Segment Start: DATA SHOWN

lemma Y_density_lower_bound: "\<exists>R. \<forall>y. std_normal_density (\<bar>y\<bar> + R) / 2 \<le> Y_density y"
proof -
  define R where "R = 2 * (\<integral>x. \<bar>x\<bar> \<partial>law_X) + 1"
  have "R > 0" by (simp add: R_def add_nonneg_pos)
  \<comment> \<open>Markov's inequality puts half of the mass of \<open>X\<close> into \<open>{-R<..<R}\<close>\<close>
  have "law_X.prob {x. \<bar>x\<bar> \<ge> R} \<le> (\<integral>x. \<bar>x\<bar> \<partial>law_X) / R"
    using integral_Markov_inequality_measure[OF integrable_law_X_abs _ _ \<open>R > 0\<close>, of UNIV] by simp
  also have "\<dots> \<le> 1 / 2" using \<open>R > 0\<close> by (simp add: R_def field_simps)
  finally have "law_X.prob {x. \<bar>x\<bar> \<ge> R} \<le> 1 / 2" .
  moreover have "UNIV - {x. \<bar>x\<bar> \<ge> R} = {x. \<bar>x\<bar> < R}" by auto
  ultimately have half: "law_X.prob {x. \<bar>x\<bar> < R} \<ge> 1 / 2"
    using law_X.prob_compl[of "{x. \<bar>x\<bar> \<ge> R}"] by simp
  have "std_normal_density (\<bar>y\<bar> + R) / 2 \<le> Y_density y" for y
  proof -
    have "std_normal_density (\<bar>y\<bar> + R) / 2 \<le> std_normal_density (\<bar>y\<bar> + R) * law_X.prob {x. \<bar>x\<bar> < R}"
      using mult_left_mono[OF half normal_density_nonneg[of 0 1 "\<bar>y\<bar> + R"]] by simp
    also have "\<dots> = (\<integral>x. indicator {x. \<bar>x\<bar> < R} x * std_normal_density (\<bar>y\<bar> + R) \<partial>law_X)"
      by simp
    also have "\<dots> \<le> Y_density y"
      unfolding Y_density_def using integrable_std_normal_density_law_X
      by (intro Bochner_Integration.integral_mono law_X.integrable_const_bound[where B = 1])
        (auto simp: indicator_def std_normal_density_le_1 intro!: std_normal_density_antimono)
    finally show ?thesis .
  qed
  then show ?thesis by blast
qed

lemma Y_density_pos: "Y_density y > 0"
proof -
  obtain R where "std_normal_density (\<bar>y\<bar> + R) / 2 \<le> Y_density y"
    using Y_density_lower_bound by blast
  then show ?thesis using normal_density_pos[of 1 0 "\<bar>y\<bar> + R"] by simp
qed

lemma Y_density_nonzero[simp]: "Y_density y \<noteq> 0"
  using Y_density_pos[of y] by simp

lemma integrable_moment_ratio_Y:
  "integrable M (\<lambda>\<omega>. X_moment_density (Y \<omega>) / Y_density (Y \<omega>))"
proof -
  have "integrable (density lborel Y_density) (\<lambda>y. X_moment_density y / Y_density y)"
    by (subst integrable_density) (auto simp: Y_density_nonneg integrable_X_moment_density)
  then show ?thesis
    by (simp add: distr_Y[symmetric] integrable_distr_eq)
qed

lemma integral_indicator_Y_moment_ratio:
  assumes [measurable]: "B \<in> sets borel"
  shows "(\<integral>\<omega>. indicator B (Y \<omega>) * X \<omega> \<partial>M)
    = (\<integral>\<omega>. indicator B (Y \<omega>) * (X_moment_density (Y \<omega>) / Y_density (Y \<omega>)) \<partial>M)"
proof -
  have "(\<integral>\<omega>. indicator B (Y \<omega>) * X \<omega> \<partial>M)
      = (\<integral>y. Y_density y *\<^sub>R (indicator B y * (X_moment_density y / Y_density y)) \<partial>lborel)"
    by (simp add: integral_indicator_Y_X)
  also have "\<dots> = (\<integral>y. indicator B y * (X_moment_density y / Y_density y) \<partial>density lborel Y_density)"
    by (rule integral_density[symmetric]) (auto simp: Y_density_nonneg)
  also have "\<dots> = (\<integral>\<omega>. indicator B (Y \<omega>) * (X_moment_density (Y \<omega>) / Y_density (Y \<omega>)) \<partial>M)"
    unfolding distr_Y[symmetric] by (rule integral_distr) auto
  finally show ?thesis .
qed

abbreviation cond_exp_X_Y :: "'a \<Rightarrow> real" where
  "cond_exp_X_Y \<equiv> real_cond_exp M (vimage_algebra (space M) Y borel) X"

lemma cond_exp_X_Y_eq: "AE \<omega> in M. cond_exp_X_Y \<omega> = X_moment_density (Y \<omega>) / Y_density (Y \<omega>)"
proof -
  let ?F = "vimage_algebra (space M) Y borel"
  have sets_F: "sets ?F = {Y -` B \<inter> space M | B. B \<in> sets borel}"
    by (rule sets_vimage_algebra2) simp
  interpret F: finite_measure_subalgebra M ?F
    by unfold_locales (auto simp: subalgebra_def sets_F)
  have "(\<lambda>\<omega>. X_moment_density (Y \<omega>) / Y_density (Y \<omega>)) \<in> borel_measurable ?F"
    using measurable_comp[OF measurable_vimage_algebra1[of Y], of _ borel "\<lambda>y. X_moment_density y / Y_density y"]
    by (simp add: comp_def)
  moreover have "(\<integral>\<omega>\<in>A. X \<omega> \<partial>M) = (\<integral>\<omega>\<in>A. X_moment_density (Y \<omega>) / Y_density (Y \<omega>) \<partial>M)"
    if "A \<in> sets ?F" for A
  proof -
    obtain B where [measurable]: "B \<in> sets borel" and A: "A = Y -` B \<inter> space M"
      using \<open>A \<in> sets ?F\<close> by (auto simp: sets_F)
    have "(\<integral>\<omega>\<in>A. f \<omega> \<partial>M) = (\<integral>\<omega>. indicator B (Y \<omega>) * f \<omega> \<partial>M)" for f :: "'a \<Rightarrow> real"
      unfolding set_lebesgue_integral_def A
      by (intro Bochner_Integration.integral_cong) (auto simp: indicator_def)
    then show ?thesis using integral_indicator_Y_moment_ratio[of B] by simp
  qed
  ultimately show ?thesis
    by (intro F.real_cond_exp_charact integrable_X integrable_moment_ratio_Y) auto
qed

lemma has_real_derivative_Y_density:
  "(Y_density has_real_derivative X_moment_density y - y * Y_density y) (at y)"
proof -
  have lim: "((\<lambda>u. \<integral>x. (std_normal_density (u - x) - std_normal_density (y - x)) / (u - y) \<partial>law_X)
      \<longlongrightarrow> (\<integral>x. (x - y) * std_normal_density (y - x) \<partial>law_X)) (at y)"
  proof (rule integral_dominated_convergence_at[where w = "\<lambda>_. 1"])
    fix x
    have "((\<lambda>u. std_normal_density (u - x)) has_real_derivative - (y - x) * std_normal_density (y - x) * (1 - 0)) (at y)"
      by (rule DERIV_chain2[OF has_real_derivative_std_normal_density]) (intro derivative_intros)
    then show "((\<lambda>u. (std_normal_density (u - x) - std_normal_density (y - x)) / (u - y))
        \<longlongrightarrow> (x - y) * std_normal_density (y - x)) (at y)"
      by (simp add: has_field_derivative_iff)
    show "norm ((std_normal_density (u - x) - std_normal_density (y - x)) / (u - y)) \<le> 1" for u
      using std_normal_density_lipschitz[of "u - x" "y - x"] by (simp add: abs_divide divide_le_eq_1)
  qed auto
  have limit: "(\<integral>x. (x - y) * std_normal_density (y - x) \<partial>law_X) = X_moment_density y - y * Y_density y"
    unfolding X_moment_density_def Y_density_def
    using integrable_std_normal_density_law_X integrable_X_std_normal_density_law_X
    by (simp add: left_diff_distrib)
  have quotient: "(Y_density u - Y_density y) / (u - y)
      = (\<integral>x. (std_normal_density (u - x) - std_normal_density (y - x)) / (u - y) \<partial>law_X)" for u
    unfolding Y_density_def
    by (simp add: Bochner_Integration.integral_diff[OF integrable_std_normal_density_law_X integrable_std_normal_density_law_X])
  show ?thesis
    using lim unfolding has_field_derivative_iff quotient limit .
qed

lemma isCont_Y_density: "isCont Y_density y"
  using has_real_derivative_Y_density by (rule DERIV_isCont)

lemma isCont_X_moment_density: "isCont X_moment_density y"
  unfolding isCont_def X_moment_density_def
proof (rule integral_dominated_convergence_at[where w = abs])
  fix x
  have "isCont std_normal_density (y - x)"
    using has_real_derivative_std_normal_density by (rule DERIV_isCont)
  then show "((\<lambda>u. x * std_normal_density (u - x)) \<longlongrightarrow> x * std_normal_density (y - x)) (at y)"
    by (intro tendsto_intros isCont_tendsto_compose[of _ std_normal_density]) auto
  show "norm (x * std_normal_density (u - x)) \<le> \<bar>x\<bar>" for u
    by (auto simp: abs_mult std_normal_density_le_1 intro!: mult_left_le)
qed (auto simp: integrable_law_X_abs)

Segment End: DATA SHOWN

> **YOUR OBJECTIVE**
Keep to the lines from the one containing "using has_real_derivative_std_normal_density by" to the end of the entries above, and retype them exactly.

> **RESPONSE TO THE EXERCISE**
    using has_real_derivative_std_normal_density by (rule DERIV_isCont)
  then show "((\<lambda>u. x * std_normal_density (u - x)) \<longlongrightarrow> x * std_normal_density (y - x)) (at y)"
    by (intro tendsto_intros isCont_tendsto_compose[of _ std_normal_density]) auto
  show "norm (x * std_normal_density (u - x)) \<le> \<bar>x\<bar>" for u
    by (auto simp: abs_mult std_normal_density_le_1 intro!: mult_left_le)
qed (auto simp: integrable_law_X_abs)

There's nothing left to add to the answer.